Most common (≥ 1%) adverse reactions in plaque psoriasis and hidradenitis suppurativa include upper respiratory tract infections, oral candidiasis, headache, injection site reactions, tinea infections, gastroenteritis, herpes simplex infections, acne, folliculitis, other candida infections, and fatigue.

Most common (≥2%) adverse reactions in PsA, nr-axSpA, and AS include upper respiratory tract infections, oral candidiasis, headache, diarrhea, and urinary tract infections. Other most common (≥2%) adverse reactions specific to each indication include: urinary tract infections (PsA); cough, fatigue, musculoskeletal pain, myalgia, tonsillitis, transaminase increase, and urinary tract infections (nr-axSpA); injection site pain, rash, and vulvovaginal mycotic infections (AS).

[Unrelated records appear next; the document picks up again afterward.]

(* Let $n\ge3$ and let $G$ be a spanning subgraph of $CT_n$. Then $$\sum_{x\in\mathrm{S}_n}\sum_{i=0}^{n} e(G_x^i)\ \ge\ \sum_{w\in V(G)}\binom{d_G(w)}{2}.$$
   Context: $\mathrm{S}_n$ is the symmetric group on $\{1,\dots,n\}$; $\mathrm{supp}(x)=\{i:i^x\ne i\}$. $CT_n$ has vertex set $\mathrm{S}_n$, with $\{x,y\}$ an edge iff $yx^{-1}$ is a transposition; the support of an edge $\{u,z\}$ is $\mathrm{supp}(\{u,z\})=\mathrm{supp}(zu^{-1})$. Let $\mathscr F_0$ be the set of all transpositions of $\mathrm{S}_n$ and, for $i\in\{1,\dots,n\}$, $\mathscr F_i=\{y\in\mathscr F_0: i\in\mathrm{supp}(y)\}$. Set $\delta_0=0$ and $\delta_i=1$ for $i\ge1$. For a spanning subgraph $G$ of $CT_n$, $i\in\{0,\dots,n\}$ and $x\in\mathrm{S}_n$, the graph $G_x^i$ has vertex set $\{yx: y\in\mathscr F_i\}$, and two vertices $u,z$ of it are adjacent iff $|\mathrm{supp}(\{x,u\})\cap\mathrm{supp}(\{x,z\})|=\delta_i$ and there is a vertex $w\ne x$ such that $(u,w,z)$ is a $2$-path in $G$. $d_G(w)$ is the degree of $w$ in $G$. *)

theory Defs
  imports "HOL-Combinatorics.Combinatorics"
begin

text \<open>We use the right-action convention i^(xy) = (i^x)^y,
so the product x y is the function composition y o x.\<close>

definition Sn :: "nat \<Rightarrow> (nat \<Rightarrow> nat) set" where
  "Sn n = {p. p permutes {1..n}}"

definition pmul :: "(nat \<Rightarrow> nat) \<Rightarrow> (nat \<Rightarrow> nat) \<Rightarrow> (nat \<Rightarrow> nat)" where
  "pmul a b = b \<circ> a"

definition psupp :: "(nat \<Rightarrow> nat) \<Rightarrow> nat set" where
  "psupp p = {i. p i \<noteq> i}"

definition transps :: "nat \<Rightarrow> (nat \<Rightarrow> nat) set" where
  "transps n = {transpose a b | a b. a \<in> {1..n} \<and> b \<in> {1..n} \<and> a \<noteq> b}"

definition Fam :: "nat \<Rightarrow> nat \<Rightarrow> (nat \<Rightarrow> nat) set" where
  "Fam n i = (if i = 0 then transps n else {y \<in> transps n. i \<in> psupp y})"

definition delta :: "nat \<Rightarrow> nat" where
  "delta i = (if i = 0 then 0 else 1)"
(* Let $\mathbb F$ have characteristic $0$, let $d\ge0$, $M=\{\mathbf a\in\mathbb N^n:|\mathbf a|_1\le d\}$, let $B\subseteq M$ be nonempty and $A=\textsc{Find}(B,n)$. Then $A\subseteq M$, $|A|=|B|$, and the submatrix $T_{A,B}$ of $T$ is nonsingular.
   Context: $T$ is the matrix with rows and columns indexed by $M$ and entries $T_{\mathbf a,\mathbf b}=\binom{\mathbf b}{\mathbf a}:=\prod_{i=1}^n\binom{b_i}{a_i}$ (with $\binom{b}{a}=0$ if $a>b$); $T_{A,B}$ is its restriction to rows $A$ and columns $B$. The procedure $\textsc{Find}(B,n)$ for finite nonempty $B\subseteq\mathbb N^n$: if $n=1$, return $\{0,\dots,|B|-1\}$; otherwise let $\pi_n$ project onto the first $n-1$ coordinates, $\ell=\max_{\mathbf u\in\pi_n(B)}|\pi_n^{-1}(\mathbf u)\cap B|$, $F_i=\{\mathbf u\in\pi_n(B):|\pi_n^{-1}(\mathbf u)\cap B|\ge i\}$ for $i\in[\ell]$, $S_i=\textsc{Find}(F_i,n-1)$, and return $\bigcup_{i=1}^\ell S_i\times\{i-1\}$. *)

theory Defs
  imports "Jordan_Normal_Form.Determinant" "HOL-Library.List_Lexorder"
begin

text \<open>Points of N^n are represented as lists of naturals of length n.
  Multi-index binomial coefficient binom(b,a) = prod_i (b_i choose a_i).\<close>

definition binom_vec :: "nat list \<Rightarrow> nat list \<Rightarrow> nat" where
  "binom_vec b a = (\<Prod>i<length a. (b ! i) choose (a ! i))"

definition Mset :: "nat \<Rightarrow> nat \<Rightarrow> nat list set" where
  "Mset n d = {a. length a = n \<and> sum_list a \<le> d}"

definition fib :: "nat list set \<Rightarrow> nat list \<Rightarrow> nat" where
  "fib B u = card {b \<in> B. butlast b = u}"

text \<open>FindA m B computes Find(B, m) (meaningful for m >= 1).\<close>
primrec FindA :: "nat \<Rightarrow> nat list set \<Rightarrow> nat list set" where
  "FindA 0 B = {}"
| "FindA (Suc m) B =
     (if m = 0 then {[i] | i. i < card B}
      else (let P = butlast ` B;
                l = Max (fib B ` P);
                F = (\<lambda>i. {u \<in> P. i \<le> fib B u})
            in \<Union>i\<in>{1..l}. (\<lambda>u. u @ [i - 1]) ` FindA m (F i)))"

text \<open>The submatrix T_{A,B} (rows A, columns B, both in lexicographic order),
  with entries T_{a,b} = binom(b,a) in the field 'a.\<close>
definition T_sub :: "nat list set \<Rightarrow> nat list set \<Rightarrow> 'a::field mat" where
  "T_sub A B = mat (card A) (card B)
     (\<lambda>(i, j). of_nat (binom_vec (sorted_list_of_set B ! j) (sorted_list_of_set A ! i)))"

end

theory Submission
  imports Defs "HOL-Computational_Algebra.Polynomial"
begin

text \<open>
  Write a point of \<open>B\<close> as \<open>(v, x)\<close> with \<open>v\<close> its projection and \<open>x\<close> its last coordinate.
  A row relation \<open>\<Sum>\<^sub>a c\<^sub>a binom(b, a) = 0\<close> over \<open>A = Find(B, n)\<close> splits along the last
  coordinate \<open>j\<close> of \<open>a\<close> into \<open>\<Sum>\<^sub>j q\<^sub>j(v) binom(x, j) = 0\<close>. Over a fibre \<open>v\<close> the value \<open>x\<close> takes
  \<open>fib(v)\<close> distinct values, and the binomial polynomials \<open>binom(X, j)\<close>, \<open>j < fib(v)\<close>, are
  independent there, since a nonzero combination has degree below the number of roots.
  Going down from the largest \<open>j\<close>, this forces \<open>q\<^sub>j\<close> to vanish on \<open>F\<^sub>j\<^sub>+\<^sub>1\<close>, and induction on
  the dimension kills the coefficients with last coordinate \<open>j\<close>. Hence the rows of \<open>T\<^sub>A\<^sub>,\<^sub>B\<close>
  are independent, and counting the layers \<open>F\<^sub>i\<close> gives \<open>|A| = |B|\<close>.
\<close>

definition binomial_poly :: "nat \<Rightarrow> 'a::field_char_0 poly" where
  "binomial_poly j = smult (1 / fact j) (\<Prod>i<j. [:- of_nat i, 1:])"

lemma poly_binomial_poly: "poly (binomial_poly j) x = x gchoose j"
  by (simp add: binomial_poly_def poly_prod gbinomial_prod_rev atLeast0LessThan)

lemma degree_binomial_poly: "degree (binomial_poly j :: 'a::field_char_0 poly) = j"
  by (simp add: binomial_poly_def degree_prod_sum_eq)

lemma coeff_binomial_poly_self: "coeff (binomial_poly j :: 'a::field_char_0 poly) j = 1 / fact j"
proof -
  have "lead_coeff (\<Prod>i<j. [:- of_nat i, 1:] :: 'a poly) = 1"
    by (simp add: lead_coeff_prod)
  then show ?thesis by (simp add: binomial_poly_def degree_prod_sum_eq)
qed

lemma binomial_poly_combination_eq_0:
  fixes e :: "nat \<Rightarrow> 'a::field_char_0"
  assumes "(\<Sum>j<k. smult (e j) (binomial_poly j)) = 0" and "j < k"
  shows "e j = 0"
  using assms
proof (induction k arbitrary: j)
  case 0 then show ?case by simp
next
  case (Suc k)
  have "coeff (\<Sum>j<k. smult (e j) (binomial_poly j)) k = (0::'a)"
    by (auto simp: coeff_sum degree_binomial_poly intro!: sum.neutral coeff_eq_0)
  then have "coeff (\<Sum>j<Suc k. smult (e j) (binomial_poly j)) k = e k / fact k"
    by (simp add: coeff_binomial_poly_self)
  then have "e k / fact k = 0" by (metis Suc.prems(1) coeff_0)
  then have "e k = 0" by simp
  with Suc show ?case by (cases "j = k") auto
qed
(* Let $L\subseteq\mathbb{Z}^n$ be a lattice, let $L_{\mathbb{R}}$ carry an $L$-equivariant cell complex structure, and let $\psi\colon L_{\mathbb{R}}\to\mathbb{Z}^n$ be a compatible $\mathbb{Z}^n$-stratification. The cellular free $S$-complex $F_\psi$ is minimal if and only if, for every $\bm u\in\mathbb{Z}^n$, each connected component of the preimage $\psi^{-1}(\bm u)$ consists of a single open cell.
   Context: Let $n\ge1$, $L\subseteq\mathbb{Z}^n$ a subgroup, $L_{\mathbb{R}}=L\otimes\mathbb{R}\subseteq\mathbb{R}^n$. A cell complex (CW) structure on $L_{\mathbb{R}}$ is $L$-equivariant if translates of open cells by $\bm v\in L$ are open cells. Give $\mathbb{Z}^n$ the componentwise order and Alexandrov topology (open = up-closed). A compatible $\mathbb{Z}^n$-stratification is a continuous $\psi\colon L_{\mathbb{R}}\to\mathbb{Z}^n$, constant on open cells, with $\psi(\bm p+\bm v)=\psi(\bm p)+\bm v$ for $\bm v\in L$; $\psi(\sigma)$ is its value on the cell $\sigma$. $\Bbbk$ is a field, $S=\Bbbk[x_1,\dots,x_n]$ with $\deg\bm x^{\bm u}=\bm u$. With $L$-invariant orientations and cellular incidence numbers $\varepsilon(\sigma,\tau)$ (zero unless $\dim\sigma=\dim\tau+1$ and $\tau\subseteq\overline\sigma$), $F_\psi$ is the complex with $(F_\psi)_i=\bigoplus_{\dim\sigma=i}S\,\sigma$, $S\,\sigma\cong S(-\psi(\sigma))$, and $\partial\sigma=\sum_\tau\varepsilon(\sigma,\tau)\bm x^{\psi(\sigma)-\psi(\tau)}\tau$. A free complex is minimal if no entry of its differential matrices is a nonzero scalar (unit). *)

theory Defs
  imports "HOL-Analysis.Analysis" "HOL-Library.Poly_Mapping"
begin
(* Let $I=(\mathcal{M},[N],(u_i)_{i\in[N]})$ be a non-negative instance, $\lambda\ge0$, $\varepsilon>0$, and suppose the $\lambda$-max-min problem for $I$ has a solution. Let $0<\alpha<1$, $0<\beta<1$ with $\alpha\beta>1-\varepsilon$. For each $i$ let $c_i$ be any real with $\alpha\cdot MmS_{u_i}^N(\mathcal{M})\le c_i\le MmS_{u_i}^N(\mathcal{M})$, and let $[N]_{>0}:=\{i: c_i>0\}$. If $[N]_{>0}=\emptyset$, let $S^\varepsilon$ be any allocation. Otherwise let $u_i'(j):=u_i(j)/c_i$ for $i\in[N]_{>0}$, let $\lambda^*:=\max\{\min_{i\in[N]_{>0}}u_i'(S_i): (S_i)_{i\in[N]_{>0}}\text{ a partition of }\mathcal{M}\text{ indexed by }[N]_{>0}\}$, let $(S^\varepsilon_i)_{i\in[N]_{>0}}$ be any partition of $\mathcal{M}$ indexed by $[N]_{>0}$ with $u_i'(S^\varepsilon_i)\ge\beta\lambda^*$ for all $i\in[N]_{>0}$, and set $S^\varepsilon_i:=\emptyset$ for $i\notin[N]_{>0}$. Then $S^\varepsilon=(S^\varepsilon_1,\dots,S^\varepsilon_N)$ is a solution of the $((1-\varepsilon)\lambda)$-max-min problem for $I$, i.e. $u_i(S^\varepsilon_i)\ge(1-\varepsilon)\lambda\cdot MmS_{u_i}^N(\mathcal{M})$ for all $i$.
   Context: A non-negative instance: finite item set $\mathcal{M}$, agents $[N]=\{1,\dots,N\}$, additive utilities $u_i$ with $u_i(j)\ge0$. $\Pi_N(\mathcal{M})$ is the set of ordered $N$-partitions of $\mathcal{M}$ (parts may be empty). $MmS_{u}^N(\mathcal{M}):=\max_{(S_1,\ldots,S_N)\in\Pi_N(\mathcal{M})}\min_{j} u(S_j)$. An allocation $S$ solves the $\mu$-max-min problem for $I$ iff $u_i(S_i)\ge\mu\cdot MmS_{u_i}^N(\mathcal{M})$ for all $i$. *)

theory Defs
  imports Main "HOL.Real"
begin

text \<open>Values of S outside K are irrelevant.\<close>
definition is_partition :: "nat set \<Rightarrow> 'a set \<Rightarrow> (nat \<Rightarrow> 'a set) \<Rightarrow> bool" where
  "is_partition K M S \<longleftrightarrow>
     (\<forall>i\<in>K. S i \<subseteq> M) \<and> (\<Union>i\<in>K. S i) = M \<and>
     (\<forall>i\<in>K. \<forall>j\<in>K. i \<noteq> j \<longrightarrow> S i \<inter> S j = {})"

definition maxmin_val :: "nat set \<Rightarrow> 'a set \<Rightarrow> (nat \<Rightarrow> 'a \<Rightarrow> real) \<Rightarrow> real" where
  "maxmin_val K M v = Max {Min ((\<lambda>i. sum (v i) (S i)) ` K) | S. is_partition K M S}"

definition MmS :: "('a \<Rightarrow> real) \<Rightarrow> nat \<Rightarrow> 'a set \<Rightarrow> real" where
  "MmS u N M = maxmin_val {1..N} M (\<lambda>_. u)"

definition solves_maxmin :: "real \<Rightarrow> 'a set \<Rightarrow> nat \<Rightarrow> (nat \<Rightarrow> 'a \<Rightarrow> real) \<Rightarrow> (nat \<Rightarrow> 'a set) \<Rightarrow> bool" where
  "solves_maxmin \<mu> M N u S \<longleftrightarrow>
     is_partition {1..N} M S \<and> (\<forall>i\<in>{1..N}. sum (u i) (S i) \<ge> \<mu> * MmS (u i) N M)"

end

theory Submission
  imports Defs "HOL-Library.FuncSet"
begin

text \<open>Agents with \<open>c\<^sub>i \<le> 0\<close> have max-min share \<open>0\<close> and are satisfied by the empty bundle.
  For the agents \<open>i\<close> with \<open>c\<^sub>i > 0\<close>, take a \<open>\<lambda>\<close>-max-min solution and hand the bundles of
  all other agents to one of them: by monotonicity of the non-negative utilities this is a
  partition indexed by the positive agents in which each one gets at least
  \<open>\<lambda> MmS\<^sub>i \<ge> \<lambda> c\<^sub>i\<close>, so \<open>\<lambda>\<^sup>* \<ge> \<lambda>\<close>. Hence \<open>u\<^sub>i(S\<^sup>\<epsilon>\<^sub>i) \<ge> \<beta> \<lambda>\<^sup>* c\<^sub>i \<ge> \<alpha>\<beta> \<lambda> MmS\<^sub>i \<ge> (1-\<epsilon>) \<lambda> MmS\<^sub>i\<close>.\<close>

lemma is_partition_part_subset:
  "is_partition K M S \<Longrightarrow> i \<in> K \<Longrightarrow> S i \<subseteq> M"
  unfolding is_partition_def by blast

lemma is_partition_extend_empty:
  assumes "is_partition P M S" "P \<subseteq> K" "\<forall>i\<in>K - P. S i = {}"
  shows "is_partition K M S"
proof -
  have "(\<Union>i\<in>K. S i) = (\<Union>i\<in>P. S i)"
    using assms(2,3) by blast
  with assms show ?thesis
    unfolding is_partition_def by (metis Diff_iff empty_subsetI inf_bot_left inf_bot_right subsetD)
qed

lemma is_partition_merge_into:
  assumes S: "is_partition K M S" and "P \<subseteq> K" and k: "k \<in> P"
  shows "is_partition P M (S(k := S k \<union> (\<Union>j\<in>K - P. S j)))"
proof -
  let ?T = "S(k := S k \<union> (\<Union>j\<in>K - P. S j))"
  have disj: "S i \<inter> S j = {}" if "i \<in> K" "j \<in> K" "i \<noteq> j" for i j
    using S that unfolding is_partition_def by blast
  have "(\<Union>i\<in>P. ?T i) = (\<Union>i\<in>K. S i)"
    using \<open>P \<subseteq> K\<close> k by (auto split: if_splits)
  moreover have "?T i \<inter> ?T j = {}" if "i \<in> P" "j \<in> P" "i \<noteq> j" for i j
  proof -
    have "S i' \<inter> (\<Union>j\<in>K - P. S j) = {}" if "i' \<in> P" for i'
      using disj that \<open>P \<subseteq> K\<close> by blast
    then show ?thesis
      using that disj[of i j] \<open>P \<subseteq> K\<close> by auto
  qed
  moreover have "?T i \<subseteq> M" if "i \<in> P" for i
    using that S \<open>P \<subseteq> K\<close> unfolding is_partition_def by auto
  ultimately show ?thesis
    using S unfolding is_partition_def by auto
qed

lemma finite_maxmin_candidates:
  assumes "finite K" "finite M"
  shows "finite {Min ((\<lambda>i. sum (v i) (S i)) ` K) | S. is_partition K M S}"
proof -
  let ?val = "\<lambda>T. Min ((\<lambda>i. sum (v i) (T i)) ` K)"
  have "{?val S | S. is_partition K M S} \<subseteq> ?val ` (PiE K (\<lambda>_. Pow M))"
  proof clarify
    fix S assume "is_partition K M S"
    then have "restrict S K \<in> PiE K (\<lambda>_. Pow M)"
      unfolding is_partition_def by auto
    moreover have "?val S = ?val (restrict S K)"
      by simp
    ultimately show "?val S \<in> ?val ` (PiE K (\<lambda>_. Pow M))"
      by blast
  qed
  moreover have "finite (PiE K (\<lambda>_. Pow M))"
    using assms by (simp add: finite_PiE)
  ultimately show ?thesis
    by (meson finite_surj)
qed

lemma maxmin_val_ge:
  assumes "finite K" "K \<noteq> {}" "finite M" "is_partition K M S"
    and "\<forall>i\<in>K. x \<le> sum (v i) (S i)"
  shows "x \<le> maxmin_val K M v"
proof -
  have "x \<le> Min ((\<lambda>i. sum (v i) (S i)) ` K)"
    using assms by simp
  also have "\<dots> \<le> maxmin_val K M v"
    unfolding maxmin_val_def
    using finite_maxmin_candidates[OF assms(1,3)] assms(4) by (intro Max_ge) blast+
  finally show ?thesis .
qed

lemma maxmin_val_normalised_ge:
  assumes finK: "finite K" and finM: "finite M"
    and S: "is_partition K M S" and "P \<subseteq> K" "P \<noteq> {}"
    and nonneg: "\<forall>i\<in>K. \<forall>j\<in>M. u i j \<ge> 0"
    and good: "\<forall>i\<in>P. c i > 0 \<and> lam * c i \<le> sum (u i) (S i)"
  shows "lam \<le> maxmin_val P M (\<lambda>i j. u i j / c i)"
proof -
  obtain k where k: "k \<in> P"
    using \<open>P \<noteq> {}\<close> by blast
  define T where "T = S(k := S k \<union> (\<Union>j\<in>K - P. S j))"
  have T: "is_partition P M T"
    unfolding T_def using is_partition_merge_into[OF S \<open>P \<subseteq> K\<close> k] .
  have "lam \<le> sum (\<lambda>j. u i j / c i) (T i)" if i: "i \<in> P" for i
  proof -
    have "sum (u i) (S i) \<le> sum (u i) (T i)"
      using is_partition_part_subset[OF T i] nonneg i \<open>P \<subseteq> K\<close> finM
      by (intro sum_mono2) (auto simp: T_def dest: finite_subset)
    then have "lam * c i \<le> sum (u i) (T i)"
      using good i by fastforce
    then show ?thesis
      using good i by (simp add: sum_divide_distrib[symmetric] pos_le_divide_eq)
  qed
  then show ?thesis
    using finK \<open>P \<subseteq> K\<close> \<open>P \<noteq> {}\<close> finM T
    by (intro maxmin_val_ge[where S = T]) (auto intro: finite_subset)
qed

lemma sandwiched_share_nonneg:
  fixes alpha m c :: real
  assumes "alpha < 1" "alpha * m \<le> c" "c \<le> m"
  shows "0 \<le> m"
proof -
  have "0 \<le> (1 - alpha) * m"
    using assms by (simp add: algebra_simps)
  then show ?thesis
    using assms(1) by (simp add: zero_le_mult_iff)
qed

lemma sandwiched_share_zero:
  fixes alpha m c :: real
  assumes "0 < alpha" "alpha < 1" "alpha * m \<le> c" "c \<le> m" "c \<le> 0"
  shows "m = 0"
  using assms sandwiched_share_nonneg[of alpha m c] by (smt (verit) mult_pos_pos)

lemma approximate_share_bound:
  fixes alpha beta eps lam lam_star m c x :: real
  assumes "0 < beta" "0 \<le> lam" "0 \<le> m" "1 - eps < alpha * beta"
    and "0 < c" "alpha * m \<le> c" "lam \<le> lam_star" "beta * lam_star \<le> x / c"
  shows "(1 - eps) * lam * m \<le> x"
proof -
  have "(1 - eps) * lam * m \<le> (alpha * m) * (beta * lam)"
  proof -
    have "(1 - eps) * (lam * m) \<le> (alpha * beta) * (lam * m)"
      using assms(2-4) by (intro mult_right_mono) auto
    then show ?thesis
      by (simp add: algebra_simps)
  qed
  also have "\<dots> \<le> c * (beta * lam)"
    using assms(1,2,6) by (simp add: mult_right_mono)
  also have "\<dots> \<le> c * (beta * lam_star)"
    using assms(1,5,7) by simp
  also have "\<dots> \<le> x"
    using assms(5,8) by (simp add: pos_le_divide_eq mult.commute)
  finally show ?thesis .
qed

theorem theorem3:
  fixes M :: "'a set" and N :: nat and u :: "nat \<Rightarrow> 'a \<Rightarrow> real"
    and lam eps alpha beta :: real and c :: "nat \<Rightarrow> real"
    and P :: "nat set" and lam_star :: real
  assumes finM: "finite M"
    and nonneg: "\<forall>i\<in>{1..N}. \<forall>j\<in>M. u i j \<ge> 0"
    and lam: "lam \<ge> 0" and eps: "eps > 0"
    and sol: "\<exists>S. solves_maxmin lam M N u S"
    and alpha: "0 < alpha" "alpha < 1" and beta: "0 < beta" "beta < 1"
    and ab: "alpha * beta > 1 - eps"
    and c: "\<forall>i\<in>{1..N}. alpha * MmS (u i) N M \<le> c i \<and> c i \<le> MmS (u i) N M"
    and P_def: "P = {i\<in>{1..N}. c i > 0}"
    and lam_star_def: "lam_star = maxmin_val P M (\<lambda>i j. u i j / c i)"
  shows "\<forall>Se. ((P = {} \<and> is_partition {1..N} M Se) \<or>
              (P \<noteq> {} \<and> is_partition P M Se \<and>
               (\<forall>i\<in>P. sum (\<lambda>j. u i j / c i) (Se i) \<ge> beta * lam_star) \<and>
               (\<forall>i\<in>{1..N} - P. Se i = {})))
           \<longrightarrow> solves_maxmin ((1 - eps) * lam) M N u Se"
proof (intro allI impI)
  fix Se
  assume Se: "(P = {} \<and> is_partition {1..N} M Se) \<or>
              (P \<noteq> {} \<and> is_partition P M Se \<and>
               (\<forall>i\<in>P. sum (\<lambda>j. u i j / c i) (Se i) \<ge> beta * lam_star) \<and>
               (\<forall>i\<in>{1..N} - P. Se i = {}))"
  have PN: "P \<subseteq> {1..N}"
    using P_def by auto
  have share_nonneg: "0 \<le> MmS (u i) N M" if "i \<in> {1..N}" for i
    using c that alpha by (blast intro: sandwiched_share_nonneg)
  have share_zero: "MmS (u i) N M = 0" if "i \<in> {1..N} - P" for i
    using c that alpha P_def by (auto intro!: sandwiched_share_zero[where c = "c i"])
  have Se_partition: "is_partition {1..N} M Se"
    using Se PN by (auto intro: is_partition_extend_empty)
  have "(1 - eps) * lam * MmS (u i) N M \<le> sum (u i) (Se i)" if i: "i \<in> {1..N}" for i
  proof (cases "i \<in> P")
    case False
    then show ?thesis
      using i share_zero nonneg is_partition_part_subset[OF Se_partition i]
      by (auto intro!: sum_nonneg)
  next
    case True
    obtain S where S: "is_partition {1..N} M S"
        and S_share: "\<forall>k\<in>{1..N}. lam * MmS (u k) N M \<le> sum (u k) (S k)"
      using sol unfolding solves_maxmin_def by blast
    have "c k > 0 \<and> lam * c k \<le> sum (u k) (S k)" if "k \<in> P" for k
      using that PN P_def c lam S_share
      by (auto intro: order_trans[OF mult_left_mono[where c = lam]])
    then have "lam \<le> lam_star"
      unfolding lam_star_def using PN True nonneg finM
      by (intro maxmin_val_normalised_ge[OF _ _ S]) auto
    then show ?thesis
      using True Se i c P_def share_nonneg beta lam ab
      by (intro approximate_share_bound[where alpha = alpha and beta = beta and c = "c i"
            and lam_star = lam_star]) (auto simp: sum_divide_distrib)
  qed
  then show "solves_maxmin ((1 - eps) * lam) M N u Se"
    unfolding solves_maxmin_def using Se_partition by blast
qed

end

Most common (≥ 2%) adverse reactions in psoriatic arthritis include upper respiratory tract infections, oral candidiasis, headache, diarrhea, and urinary tract infections.

Most common (≥ 2%) adverse reactions in non-radiographic axial spondyloarthritis include upper respiratory tract infections, oral candidiasis, headache, diarrhea, cough, fatigue, musculoskeletal pain, myalgia, tonsillitis, transaminase increase, and urinary tract infections.

Most common (≥ 2%) adverse reactions in ankylosing spondylitis include upper respiratory tract infections, oral candidiasis, headache, diarrhea, injection site pain, rash, and vulvovaginal mycotic infection.